L’aula teatro si è trasformata, sin da inizio anno, nel ‘nostro fronte’. Abbiamo annotato in tutte le fasi riflessioni, idee e pensieri su un quadernetto nero… IL NOSTRO DIARIO DI GUERRA… e affisso alle pareti cartine e mappe della geografia del tempo, per segnare e seguire il percorso dei soldati dal trentino alla Galizia, alla Russia, all’ Albania, alla Cina e agli Stati Uniti e per individuare paesi, città, zone e montagne. Durante i laboratori, inoltre, abbiamo considerato le lingue trovate sui vari fronti.

I ragazzi si sono ormai immedesimati nei soldati, chi più in uno, chi più in un altro, sfornando riflessioni profonde e scambio di idee proficuo.
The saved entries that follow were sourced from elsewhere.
(* Let $p>155$ be a prime, let $G$ be a cyclic group of order $p$, let $g\in G\setminus\{0\}$, and let $S$ be an unsplittable minimal zero-sum sequence over $G$ of length $\frac{p-1}{2}$ which is one of $$g^{\frac{p-11}{2}}\Big(\tfrac{p+3}{2}g\Big)^4\Big(\tfrac{p-1}{2}g\Big)\quad\text{or}\quad g^{\frac{p-7}{2}}\Big(\tfrac{p+5}{2}g\Big)^2\Big(\tfrac{p-3}{2}g\Big).$$ Then $\operatorname{ind}(S)=2$.
   Context: A sequence over $G$ is a finite unordered list of elements of $G$ with repetition allowed, written multiplicatively; $h^r$ denotes $r$ copies of $h$ and $tg$ is the $t$-fold multiple of $g$. $S$ is a minimal zero-sum sequence if its sum is $0$ and no nonempty proper subsequence has sum $0$; it is unsplittable if there do not exist $h\in\operatorname{supp}(S)$ and $y,z\in G$ with $y+z=h$ such that replacing one copy of $h$ in $S$ by the two terms $y,z$ gives again a minimal zero-sum sequence. For $h\in G$ nonzero of order $n$ and $S=(x_1h)\cdots(x_lh)$ with integers $1\le x_i\le n$, the $h$-norm is $\|S\|_h=(x_1+\dots+x_l)/n$. If $\langle\operatorname{supp}(S)\rangle$ is a nontrivial finite cyclic group, $\operatorname{ind}(S)=\min\{\|S\|_h: h\in G,\ \langle\operatorname{supp}(S)\rangle=\langle h\rangle\}$. *)

theory Defs
  imports Complex_Main "HOL-Library.Multiset" "HOL-Computational_Algebra.Primes"
begin

text \<open>The cyclic group of order p is modelled as the additive group of residues
  {0..<p} with addition modulo p. Sequences are multisets over it.\<close>

definition in_grp :: "nat \<Rightarrow> nat multiset \<Rightarrow> bool" where
  "in_grp p S \<longleftrightarrow> (\<forall>a\<in>#S. a < p)"

definition zero_sum :: "nat \<Rightarrow> nat multiset \<Rightarrow> bool" where
  "zero_sum p S \<longleftrightarrow> sum_mset S mod p = 0"

definition minimal_zero_sum :: "nat \<Rightarrow> nat multiset \<Rightarrow> bool" where
  "minimal_zero_sum p S \<longleftrightarrow> in_grp p S \<and> S \<noteq> {#} \<and> zero_sum p S \<and>
     (\<forall>T. T \<noteq> {#} \<and> T \<subset># S \<longrightarrow> \<not> zero_sum p T)"

definition unsplittable :: "nat \<Rightarrow> nat multiset \<Rightarrow> bool" where
  "unsplittable p S \<longleftrightarrow> \<not> (\<exists>h\<in>#S. \<exists>y z. y < p \<and> z < p \<and> (y + z) mod p = h \<and>
      minimal_zero_sum p (S - {#h#} + {#y, z#}))"

definition gen :: "nat \<Rightarrow> nat set \<Rightarrow> nat set" where
  "gen p A = {y. y < p \<and> (\<exists>c :: nat \<Rightarrow> nat. y = (\<Sum>a\<in>A. c a * a) mod p)}"

definition grp_ord :: "nat \<Rightarrow> nat \<Rightarrow> nat" where
  "grp_ord p h = card (gen p {h})"

definition coef :: "nat \<Rightarrow> nat \<Rightarrow> nat \<Rightarrow> nat" where
  "coef p h a = (THE x. 1 \<le> x \<and> x \<le> grp_ord p h \<and> (x * h) mod p = a)"

definition hnorm :: "nat \<Rightarrow> nat \<Rightarrow> nat multiset \<Rightarrow> real" where
  "hnorm p h S = real (sum_mset (image_mset (coef p h) S)) / real (grp_ord p h)"

definition ind :: "nat \<Rightarrow> nat multiset \<Rightarrow> real" where
  "ind p S = Min {hnorm p h S | h. h < p \<and> gen p (set_mset S) = gen p {h}}"

end

theory Submission
  imports Defs "HOL-Number_Theory.Cong"
begin

text \<open>Since \<open>p\<close> is prime, every nonzero \<open>h\<close> generates the group, so \<open>ind S\<close> is the
  minimum over all such \<open>h\<close> of \<open>\<parallel>S\<parallel>\<^sub>h\<close>. Writing \<open>m\<close> for the coefficient of \<open>g\<close> with
  respect to \<open>h\<close>, the term \<open>t g\<close> has coefficient \<open>t m mod p\<close>, so \<open>p \<parallel>S\<parallel>\<^sub>h\<close> is an explicit
  function of \<open>m\<close>. Because \<open>S\<close> has sum zero, \<open>\<parallel>S\<parallel>\<^sub>h\<close> is an integer; an elementary case
  analysis on \<open>m\<close> shows it always exceeds 1, and \<open>m = 2\<close> (first sequence,
  \<open>h = (p + 1)/2 \<cdot> g\<close>) resp. \<open>m = 1\<close> (second sequence, \<open>h = g\<close>) gives exactly 2.\<close>

lemma mult_mod_prime_surj:
  fixes p h a :: nat
  assumes "prime p" "\<not> p dvd h"
  obtains c :: nat where "(c * h) mod p = a mod p"
proof -
  have "gcd h p = 1"
    using assms by (metis coprime_commute coprime_iff_gcd_eq_1 prime_imp_coprime)
  then obtain c where "[h * c = a] (mod p)"
    using cong_solve_dvd_nat[of h p a] by auto
  then show thesis
    using that by (simp add: cong_def mult.commute)
qed

lemma gen_subset_singleton:
  assumes "finite A" "g \<in> A"
  shows "gen p {g} \<subseteq> gen p A"
proof
  fix y assume "y \<in> gen p {g}"
  then obtain c where y: "y < p" "y = (c g * g) mod p"
    by (auto simp: gen_def)
  have "(\<Sum>a\<in>A. (if a = g then c g else 0) * a) = (\<Sum>a\<in>A. if a = g then c g * g else 0)"
    by (rule sum.cong) auto
  also have "\<dots> = c g * g"
    using assms by simp
  finally have "y = (\<Sum>a\<in>A. (if a = g then c g else 0) * a) mod p"
    using y(2) by simp
  with y(1) show "y \<in> gen p A"
    unfolding gen_def by (auto intro!: exI[of _ "\<lambda>a. if a = g then c g else 0"])
qed

lemma gen_singleton_prime:
  fixes p h :: nat
  assumes "prime p" "0 < h" "h < p"
  shows "gen p {h} = {..<p}"
proof -
  have "\<not> p dvd h" using assms(2,3) by (simp add: nat_dvd_not_less)
  have "y \<in> gen p {h}" if "y < p" for y
  proof -
    obtain c where "(c * h) mod p = y mod p"
      using mult_mod_prime_surj[OF assms(1) \<open>\<not> p dvd h\<close>] .
    then show ?thesis
      using that unfolding gen_def by (auto intro!: exI[of _ "\<lambda>_. c"])
  qed
  then show ?thesis by (auto simp: gen_def)
qed

lemma gen_zero_singleton: "gen p {0} \<subseteq> {0}"
  by (auto simp: gen_def)

lemma gen_eq_if_mem:
  fixes p g :: nat
  assumes "prime p" "finite A" "g \<in> A" "0 < g" "g < p"
  shows "gen p A = {..<p}"
  using gen_subset_singleton[OF assms(2,3), of p] gen_singleton_prime[OF assms(1,4,5)]
  by (auto simp: gen_def)

lemma grp_ord_prime:
  fixes p h :: nat
  assumes "prime p" "0 < h" "h < p"
  shows "grp_ord p h = p"
  using gen_singleton_prime[OF assms] by (simp add: grp_ord_def)

lemma mult_mod_prime_inj:
  fixes p h x y :: nat
  assumes "prime p" "\<not> p dvd h" "1 \<le> x" "x \<le> p" "1 \<le> y" "y \<le> p"
    and "(x * h) mod p = (y * h) mod p"
  shows "x = y"
proof -
  have collision_free: False
    if "a < b" "1 \<le> a" "b \<le> p" "(a * h) mod p = (b * h) mod p" for a b
  proof -
    have "a * h \<le> b * h" using that(1) by (simp add: mult_le_mono1)
    from mod_eq_dvd_iff_nat[OF this] that(4)[symmetric] have "p dvd b * h - a * h" by (rule iffD1)
    then have "p dvd (b - a) * h" by (simp add: diff_mult_distrib)
    then have "p dvd b - a"
      using assms(1,2) prime_dvd_mult_iff by blast
    moreover have "0 < b - a" "b - a < p" using that(1-3) by linarith+
    ultimately show False by (simp add: nat_dvd_not_less)
  qed
  show ?thesis
  proof (rule linorder_cases[of x y])
    assume "x < y"
    from collision_free[OF this assms(3,6,7)] show ?thesis ..
  next
    assume "y < x"
    from collision_free[OF this assms(5,4) assms(7)[symmetric]] show ?thesis ..
  qed
qed

lemma coef_eqI:
  fixes p h x a :: nat
  assumes "prime p" "0 < h" "h < p" "1 \<le> x" "x \<le> p" "(x * h) mod p = a"
  shows "coef p h a = x"
proof -
  have "\<not> p dvd h" using assms(2,3) by (simp add: nat_dvd_not_less)
  show ?thesis
    unfolding coef_def grp_ord_prime[OF assms(1-3)]
  proof (rule the_equality)
    show "1 \<le> x \<and> x \<le> p \<and> (x * h) mod p = a" using assms(4-6) by blast
    fix y assume "1 \<le> y \<and> y \<le> p \<and> (y * h) mod p = a"
    then show "y = x"
      using mult_mod_prime_inj[OF assms(1) \<open>\<not> p dvd h\<close>] assms(4-6) by blast
  qed
qed

lemma coef_spec:
  fixes p h a :: nat
  assumes "prime p" "0 < h" "h < p" "a < p"
  shows "1 \<le> coef p h a" "coef p h a \<le> p" "(coef p h a * h) mod p = a"
proof -
  have "\<not> p dvd h" using assms(2,3) by (simp add: nat_dvd_not_less)
  then obtain c where c: "(c * h) mod p = a"
    using mult_mod_prime_surj[OF assms(1)] assms(4) by (metis mod_less)
  \<comment> \<open>The residue \<open>0\<close> has coefficient \<open>p\<close>, not \<open>0\<close>, since coefficients range over \<open>1..p\<close>.\<close>
  define x where "x = (if c mod p = 0 then p else c mod p)"
  have "0 < p" using assms(1) prime_gt_0_nat by blast
  then have "1 \<le> x" "x \<le> p" by (auto simp: x_def less_imp_le)
  moreover have "(x * h) mod p = a"
  proof (cases "c mod p = 0")
    case True
    then have "(c * h) mod p = 0" by (simp add: mod_mult_left_eq [symmetric])
    with True c show ?thesis by (simp add: x_def)
  next
    case False
    with c show ?thesis by (simp add: x_def mod_mult_left_eq)
  qed
  ultimately have "coef p h a = x" by (rule coef_eqI[OF assms(1-3)])
  with \<open>1 \<le> x\<close> \<open>x \<le> p\<close> \<open>(x * h) mod p = a\<close>
  show "1 \<le> coef p h a" "coef p h a \<le> p" "(coef p h a * h) mod p = a" by simp_all
qed

lemma coef_less:
  fixes p h a :: nat
  assumes "prime p" "0 < h" "h < p" "0 < a" "a < p"
  shows "coef p h a < p"
proof -
  have "coef p h a \<noteq> p"
    using coef_spec(3)[OF assms(1-3,5)] assms(4) by auto
  then show ?thesis
    using coef_spec(2)[OF assms(1-3,5)] by simp
qed

lemma coef_mult_mod:
  fixes p h a t :: nat
  assumes "prime p" "0 < h" "h < p" "0 < a" "a < p" "\<not> p dvd t"
  shows "coef p h ((t * a) mod p) = (t * coef p h a) mod p"
proof (rule coef_eqI[OF assms(1-3)])
  let ?m = "coef p h a"
  have "\<not> p dvd ?m"
    using coef_spec(1)[OF assms(1-3,5)] coef_less[OF assms(1-5)] by (simp add: nat_dvd_not_less)
  then have "\<not> p dvd t * ?m"
    using assms(1,6) prime_dvd_mult_iff by blast
  then show "1 \<le> (t * ?m) mod p" by (simp add: dvd_eq_mod_eq_0 Suc_le_eq)
  show "(t * ?m) mod p \<le> p"
    using assms(1) prime_gt_0_nat by (simp add: less_imp_le)
  have "((t * ?m) mod p * h) mod p = (t * ((?m * h) mod p)) mod p"
    by (simp add: mod_mult_left_eq mod_mult_right_eq mult.assoc)
  then show "((t * ?m) mod p * h) mod p = (t * a) mod p"
    using coef_spec(3)[OF assms(1-3,5)] by simp
qed

lemma sum_mset_mod_mod:
  fixes m :: nat
  shows "(\<Sum>a\<in>#M. f a mod m) mod m = (\<Sum>a\<in>#M. f a) mod m"
proof (induction M)
  case (add x M)
  have "(f x mod m + (\<Sum>a\<in>#M. f a mod m)) mod m
      = (f x mod m + (\<Sum>a\<in>#M. f a mod m) mod m) mod m"
    by (rule mod_add_right_eq [symmetric])
  also have "\<dots> = (f x + (\<Sum>a\<in>#M. f a)) mod m"
    by (simp only: add.IH mod_add_eq)
  finally show ?case by simp
qed simp

lemma dvd_sum_coef_if_zero_sum:
  fixes p h :: nat
  assumes "prime p" "0 < h" "h < p" "in_grp p S" "zero_sum p S"
  shows "p dvd (\<Sum>a\<in>#S. coef p h a)"
proof -
  have "(\<Sum>a\<in>#S. (coef p h a * h) mod p) mod p = (\<Sum>a\<in>#S. coef p h a * h) mod p"
    by (rule sum_mset_mod_mod)
  moreover have "(\<Sum>a\<in>#S. (coef p h a * h) mod p) = sum_mset S"
    using coef_spec(3)[OF assms(1-3)] assms(4) by (simp add: in_grp_def image_mset_cong)
  ultimately have "p dvd (\<Sum>a\<in>#S. coef p h a) * h"
    using assms(5) by (simp add: zero_sum_def sum_mset_distrib_right mod_0_imp_dvd)
  then show ?thesis
    using assms(1-3) prime_dvd_mult_iff nat_dvd_not_less by blast
qed

lemma hnorm_prime:
  fixes p h :: nat
  assumes "prime p" "0 < h" "h < p"
  shows "hnorm p h S = real (\<Sum>a\<in>#S. coef p h a) / real p"
  by (simp add: hnorm_def grp_ord_prime[OF assms])

lemma ind_eqI:
  fixes p n h\<^sub>0 :: nat
  assumes "prime p" "gen p (set_mset S) = {..<p}"
    and "\<And>h. 0 < h \<Longrightarrow> h < p \<Longrightarrow> n * p \<le> (\<Sum>a\<in>#S. coef p h a)"
    and "0 < h\<^sub>0" "h\<^sub>0 < p" "(\<Sum>a\<in>#S. coef p h\<^sub>0 a) = n * p"
  shows "ind p S = n"
  unfolding ind_def
proof (rule Min_eqI)
  let ?N = "{hnorm p h S |h. h < p \<and> gen p (set_mset S) = gen p {h}}"
  have "?N \<subseteq> (\<lambda>h. hnorm p h S) ` {..<p}" by auto
  then show "finite ?N" by (rule finite_subset) simp
  have "0 < p" using assms(1) prime_gt_0_nat by blast
  have "hnorm p h\<^sub>0 S = n"
    using \<open>0 < p\<close> by (simp add: hnorm_prime[OF assms(1,4,5)] assms(6))
  then show "real n \<in> ?N"
    using assms(2,4,5) gen_singleton_prime[OF assms(1,4,5)] by force
  fix y assume "y \<in> ?N"
  then obtain h where h: "y = hnorm p h S" "h < p" "gen p (set_mset S) = gen p {h}" by blast
  have "1 \<in> gen p {h}"
    using h(3) assms(1,2) prime_gt_1_nat by auto
  then have "0 < h"
    using gen_zero_singleton[of p] by (cases h) auto
  then have "real (n * p) \<le> real (\<Sum>a\<in>#S. coef p h a)"
    using assms(3) h(2) of_nat_le_iff by blast
  then show "real n \<le> y"
    using \<open>0 < p\<close> by (simp add: h(1) hnorm_prime[OF assms(1) \<open>0 < h\<close> h(2)] field_simps)
qed

lemma ind_eq_two_if_norms_exceed_one:
  fixes p g h\<^sub>0 :: nat
  assumes "prime p" "minimal_zero_sum p S" "g \<in># S" "0 < g" "g < p"
    and "\<And>h. 0 < h \<Longrightarrow> h < p \<Longrightarrow> p < (\<Sum>a\<in>#S. coef p h a)"
    and "0 < h\<^sub>0" "h\<^sub>0 < p" "(\<Sum>a\<in>#S. coef p h\<^sub>0 a) = 2 * p"
  shows "ind p S = 2"
proof -
  have "2 * p \<le> (\<Sum>a\<in>#S. coef p h a)" if "0 < h" "h < p" for h
  proof -
    have "p dvd (\<Sum>a\<in>#S. coef p h a)"
      using dvd_sum_coef_if_zero_sum[OF assms(1) that] assms(2)
      by (simp add: minimal_zero_sum_def)
    then obtain q where "(\<Sum>a\<in>#S. coef p h a) = p * q" ..
    with assms(6)[OF that] show ?thesis by (cases "q \<le> 1") (auto simp: le_Suc_eq)
  qed
  moreover have "gen p (set_mset S) = {..<p}"
    using gen_eq_if_mem[OF assms(1) _ _ assms(4,5)] assms(3) by simp
  ultimately show ?thesis
    using ind_eqI[OF assms(1), of S 2 h\<^sub>0] assms(7-9) by simp
qed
Il maestro Marco Gubert, ideatore e responsabile del progetto, è venuto in un momento laboratoriale e i ragazzi hanno ben condiviso il lavoro in corso di svolgimento. Sia il maestro che i ragazzi ne sono stati entusiasti e questo ci ha dato nuova carica. A breve ci sarà un incontro anche con Quinto Antonelli, che è curioso di vedere come procedono i lavori. Proseguono in itinere gli incontri di raccordo tra gli insegnanti dell’Istituto che collaborano al progetto Daiana Lucian, Alessandra Piva, Gabriella D’Agostini, Jennifer Trani e quelli all’esterno tra la Prof.ssa Daiana Lucian, il Maestro Marco Gubert, il coro Sass Maor e il Coro di Moena.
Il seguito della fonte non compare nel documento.